"ye" consistently corrected to "the"

Logan_Buffa · March 14, 2025, 6:33pm

I’ve noticed that across the records I’ve input into Leo, virtually all of them have a minor error: the word “ye” (which is stylized as a Y with an e written above it) is immediately corrected to “the.” This makes sense, given they essentially mean the same thing in context, but it’s still a consistent error.

Jon · March 14, 2025, 8:45pm

Thanks Logan. What’s going on here is that the transcription convention which predominates in the training data is to render þ (thorns, pronounced “th”), which appeared in early modern English manuscripts as y, in the italicized form “th”.

It’d be good to get feedback on whether this is desirable behavior from those who are experienced with these kinds of manuscripts. What do you think @NoahMillstone @Adam_B_Forsyth @Declan_Noble or others?

It might be a bit tricky to change because ye is homonymic, referring also to the second-person plural version of you. So if we cleaned the data we’d need to find a way to differentiate between these two different usages.

NoahMillstone · March 15, 2025, 9:32pm

Hi Jon, I think it really depends what you think users are going to be using the transcriptions for. If they are mostly going to be reading it or searching through text for words, a semi-diplomatic transcription would probably do. On MPESE we did semi-diplomatic (by hand, of course): Manuscript Pamphleteering in Early Stuart England

On the other hand, I think (1) certain sorts of literary critics and (2) people trying to do digital humanities work with big data sets of text will want transcriptions that are TOTALLY FAITHFUL to the text in a way that historians mostly don’t need. At MPESE we marked up in XML according to TEI [https://tei-c.org] conventions in a pretty light-touch way, but the people working on e.g. the John Donne project used to tag EVERYTHING. If you want Leo to create transcripts that could serve as a basis for people to do TEI tagging, you need for it to preserve as many of the features of the page as possible, thorns included.

I, personally, do not care about thorns and am happy with the or [th]e or whatever. But textual editors will care a lot.
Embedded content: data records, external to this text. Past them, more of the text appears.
lemma nth_replace_less:
  fixes x y :: nat
  assumes "sorted_wrt (<) r" "r = a @ y # b" "x < y" "k \<le> length a"
  shows "(a @ x # b) ! k < y"
proof (cases "k = length a")
  case False
  then have "(a @ x # b) ! k = r ! k" "r ! k < r ! length a"
    using assms sorted_wrt_nth_less[OF assms(1), of k "length a"] by (auto simp: nth_append)
  then show ?thesis using assms(2) by simp
qed (use assms in simp)

lemma fits_below_bump_append:
  assumes sr: "sorted_wrt (<) r" and d: "fits_below r s" and r: "r = a @ y # b" "x < y"
    and s: "\<forall>z\<in>set s. \<not> y < z"
  shows "fits_below (a @ x # b) (s @ [y])"
proof -
  have sa: "length s \<le> length a"
  proof (rule ccontr)
    assume "\<not> ?thesis"
    then have "r ! length a < s ! length a" "s ! length a \<in> set s"
      using d unfolding fits_below_def by auto
    then show False using s r(1) by auto
  qed
  show ?thesis unfolding fits_below_def
  proof (intro conjI allI impI)
    show "length (s @ [y]) \<le> length (a @ x # b)" using sa by simp
    fix k assume k: "k < length (s @ [y])"
    show "(a @ x # b) ! k < (s @ [y]) ! k"
    proof (cases "k = length s")
      case True then show ?thesis using nth_replace_less[OF sr r, of k] sa by simp
    next
      case False
      then have "r ! k < s ! k" "k < length r" using k d r(1) sa unfolding fits_below_def by auto
      then show ?thesis using nth_replace_le[OF r, of k] False k by (simp add: nth_append)
    qed
  qed
qed

lemma fits_below_bump_bump:
  assumes sr: "sorted_wrt (<) r" and d: "fits_below r (c @ z # e)" and r: "r = a @ y # b" "x < y"
    and c: "\<forall>z\<in>set c. \<not> y < z"
  shows "fits_below (a @ x # b) (c @ y # e)"
proof -
  have ca: "length c \<le> length a"
  proof (rule ccontr)
    assume "\<not> ?thesis"
    then have "length a < length (c @ z # e)" by simp
    then have "r ! length a < (c @ z # e) ! length a" using d unfolding fits_below_def by blast
    moreover have "(c @ z # e) ! length a \<in> set c" using \<open>\<not> _\<close>
      by (simp add: nth_append)
    ultimately show False using c r(1) by auto
  qed
  show ?thesis unfolding fits_below_def
  proof (intro conjI allI impI)
    show "length (c @ y # e) \<le> length (a @ x # b)" using d r(1) by (simp add: fits_below_def)
    fix k assume k: "k < length (c @ y # e)"
    show "(a @ x # b) ! k < (c @ y # e) ! k"
    proof (cases "k = length c")
      case True then show ?thesis using nth_replace_less[OF sr r, of k] ca by simp
    next
      case False
      then have "r ! k < (c @ y # e) ! k" "k < length r"
        using k d unfolding fits_below_def by (auto simp: nth_append nth_Cons split: nat.splits)
      then show ?thesis using nth_replace_le[OF r, of k] by simp
    qed
  qed
qed

lemma fits_below_bump:
  assumes "sorted_wrt (<) r" "fits_below r s" "r = a @ y # b" "x < y"
  shows "fits_below (a @ x # b) (fst (row_ins y s))"
proof (cases rule: row_ins_cases[of y s])
  case append then show ?thesis using fits_below_bump_append assms by simp
next
  case (bump c z e) then show ?thesis using fits_below_bump_bump assms by simp
qed

lemma mset_tab_ins: "mset (concat (fst (tab_ins x P))) = mset (concat P) + {#x#}"
proof (induction x P rule: tab_ins.induct)
  case (1 x) then show ?case by simp
next
  case (2 x r rs)
  show ?case
  proof (cases rule: tab_ins_Cons_cases[of x r rs])
    case append then show ?thesis by simp
  next
    case (bump a y b)
    then have "row_ins x r = (a @ x # b, Some y)" using row_ins_bump by simp
    then show ?thesis using 2 bump by simp
  qed
qed
(* Let $\rho$ be a valuation of a fixpoint context $\Theta$, let $(X:\sigma)\in\Theta$, and for $\varphi\in\mathcal{L}^s(\Theta;\tau)$ let $[\![X.\varphi]\!]\rho : \mathcal{P}([\![\sigma]\!]) \to \mathcal{P}([\![\tau]\!])$ be the map $S \mapsto [\![\varphi]\!]\rho[S/X]$. (1) If $\varphi \in \mathcal{L}^s(\Theta;\tau)$ for any $s\in\{\pm,+,-\}$, then $[\![X.\varphi]\!]\rho$ is monotone. (2) If $\varphi \in \mathcal{L}^+(\Theta;\tau)$, then $[\![X.\varphi]\!]\rho$ preserves directed unions. (3) If $\varphi\in\mathcal{L}^-(\Theta;\tau)$, then $[\![X.\varphi]\!]\rho$ preserves codirected intersections.
   Context: Pure types: closed types of $\tau ::= \mathbf{1} \mid \tau\times\tau \mid \tau\to\tau \mid \tau+\tau \mid \alpha \mid \mu\alpha.\tau$, interpreted as Scott domains: $[\![\mathbf{1}]\!]=\{\bot\le\top\}$; products componentwise with projections $\pi_1,\pi_2$; $[\![\tau\to\sigma]\!]$ = Scott-continuous functions with pointwise order; $[\![\tau_1+\tau_2]\!]$ = disjoint union with a new bottom, with injections $\mathrm{inj}_i$; $[\![\mu\alpha.\tau]\!]$ = canonical bilimit solution with inverse isomorphisms $\mathrm{fold}:[\![\tau[\mu\alpha.\tau/\alpha]]\!]\to[\![\mu\alpha.\tau]\!]$, $\mathrm{unfold}$. A family of sets is directed (resp. codirected) if nonempty and any two members are contained in (resp. contain) a common member. Iteration terms: $t ::= i \mid 0 \mid t+1$. Fixpoint contexts $\Theta = X_1:\sigma_1,\dots,X_n:\sigma_n$. For $s\in\{\pm,+,-\}$, $\mathcal{L}^s(\Theta;\tau)$ is generated by: $\mathrm{True},\mathrm{False}$; closure under $\wedge,\vee$; $\langle()\rangle\in\mathcal{L}^s(\Theta;\mathbf{1})$; $\langle\pi_i\rangle\varphi$ (type $\tau_1\times\tau_2$, $\varphi$ of type $\tau_i$); $\langle\mathrm{inj}_i\rangle\varphi$ (type $\tau_1+\tau_2$, $\varphi$ of type $\tau_i$); $\langle\mathrm{fold}\rangle\varphi$ (type $\mu\alpha.\tau$, $\varphi$ of type $\tau[\mu\alpha.\tau/\alpha]$); $X$ if $(X:\tau)\in\Theta$; weakening of $\Theta$; $(\mu^t X)\varphi,(\nu^t X)\varphi\in\mathcal{L}^s(\Theta;\tau)$ if $\varphi\in\mathcal{L}^s(\Theta,X:\tau;\tau)$; $(\exists i)\varphi\in\mathcal{L}^+(\Theta;\tau)$ if $\varphi\in\mathcal{L}^+(\Theta;\tau)$ and $i \mathrel{\mathrm{Pos}} \varphi$; $(\forall i)\varphi\in\mathcal{L}^-(\Theta;\tau)$ if $\varphi\in\mathcal{L}^-(\Theta;\tau)$ and $i\mathrel{\mathrm{Neg}}\varphi$; $\psi\Rightarrow\varphi\in\mathcal{L}^s(\,;\sigma\to\tau)$ if $\psi\in\mathcal{L}^{-s}(\,;\sigma)$ and $\varphi\in\mathcal{L}^s(\,;\tau)$, where $-\pm=\pm$, $-+=-$, $--=+$. Pos, Neg are inductively defined: $i\mathrel{\mathrm{Pos}}\varphi$ and $i\mathrel{\mathrm{Neg}}\varphi$ hold if $i$ not free in $\varphi$; both preserved by $\wedge,\vee$ and the modalities; $i\mathrel{\mathrm{Pos}}(\psi\Rightarrow\varphi)$ if $i\mathrel{\mathrm{Neg}}\psi$ and $i\mathrel{\mathrm{Pos}}\varphi$; $i\mathrel{\mathrm{Neg}}(\psi\Rightarrow\varphi)$ if $i\mathrel{\mathrm{Pos}}\psi$ and $i\mathrel{\mathrm{Neg}}\varphi$; $i\mathrel{\mathrm{Pos}}(\exists j)\varphi$ if $i\mathrel{\mathrm{Pos}}\varphi$; $i\mathrel{\mathrm{Neg}}(\forall j)\varphi$ if $i\mathrel{\mathrm{Neg}}\varphi$; $i\mathrel{\mathrm{Pos}}(\mu^tX)\varphi$ if $i\mathrel{\mathrm{Pos}}\varphi$; $i\mathrel{\mathrm{Pos}}(\nu^tX)\varphi$ if $i\mathrel{\mathrm{Pos}}\varphi$ and $i$ not free in $t$; $i\mathrel{\mathrm{Neg}}(\nu^tX)\varphi$ if $i\mathrel{\mathrm{Neg}}\varphi$; $i\mathrel{\mathrm{Neg}}(\mu^tX)\varphi$ if $i\mathrel{\mathrm{Neg}}\varphi$ and $i$ not free in $t$. Semantics: a valuation $\rho$ of $\Theta$ maps each $(X:\sigma)\in\Theta$ to $\rho(X)\subseteq[\![\sigma]\!]$ and iteration variables to naturals. $[\![\mathrm{True}]\!]\rho=[\![\tau]\!]$, $[\![\mathrm{False}]\!]\rho=\emptyset$, $\wedge,\vee$ are $\cap,\cup$, $[\![X]\!]\rho=\rho(X)$, $[\![\langle()\rangle]\!]\rho=\{\top\}$, $[\![\langle\pi_i\rangle\varphi]\!]\rho=\{x\mid \pi_i(x)\in[\![\varphi]\!]\rho\}$, $[\![\langle\mathrm{inj}_i\rangle\varphi]\!]\rho=\{\mathrm{inj}_i(x)\mid x\in[\![\varphi]\!]\rho\}$, $[\![\langle\mathrm{fold}\rangle\varphi]\!]\rho=\{x\mid\mathrm{unfold}(x)\in[\![\varphi]\!]\rho\}$, $[\![\psi\Rightarrow\varphi]\!]\rho=\{f\mid\forall x\in[\![\psi]\!]\rho,\ f(x)\in[\![\varphi]\!]\rho\}$, $[\![(\exists i)\varphi]\!]\rho=\bigcup_{n}[\![\varphi]\!]\rho[n/i]$, $[\![(\forall i)\varphi]\!]\rho=\bigcap_{n}[\![\varphi]\!]\rho[n/i]$, and with $F(S)=[\![\varphi]\!]\rho[S/X]$, $n=[\![t]\!]\rho$: $[\![(\mu^tX)\varphi]\!]\rho=F^n(\emptyset)$, $[\![(\nu^tX)\varphi]\!]\rho=F^n([\![\tau]\!])$. *)

theory Defs
  imports Main
begin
Jon · March 16, 2025, 5:34pm

This is very helpful to know! We’ve been experimenting with tagging in order to deal with inconsistencies in the training data, so that if we have a particular set of transcriptions that, say, don’t preserve strikethroughs or interlineal additions, we can tell the model what to expect. This is making me think that we could perhaps build on this to try to get Leo to produce (its best attempt at) both diplomatic and semi-diplomatic transcripts.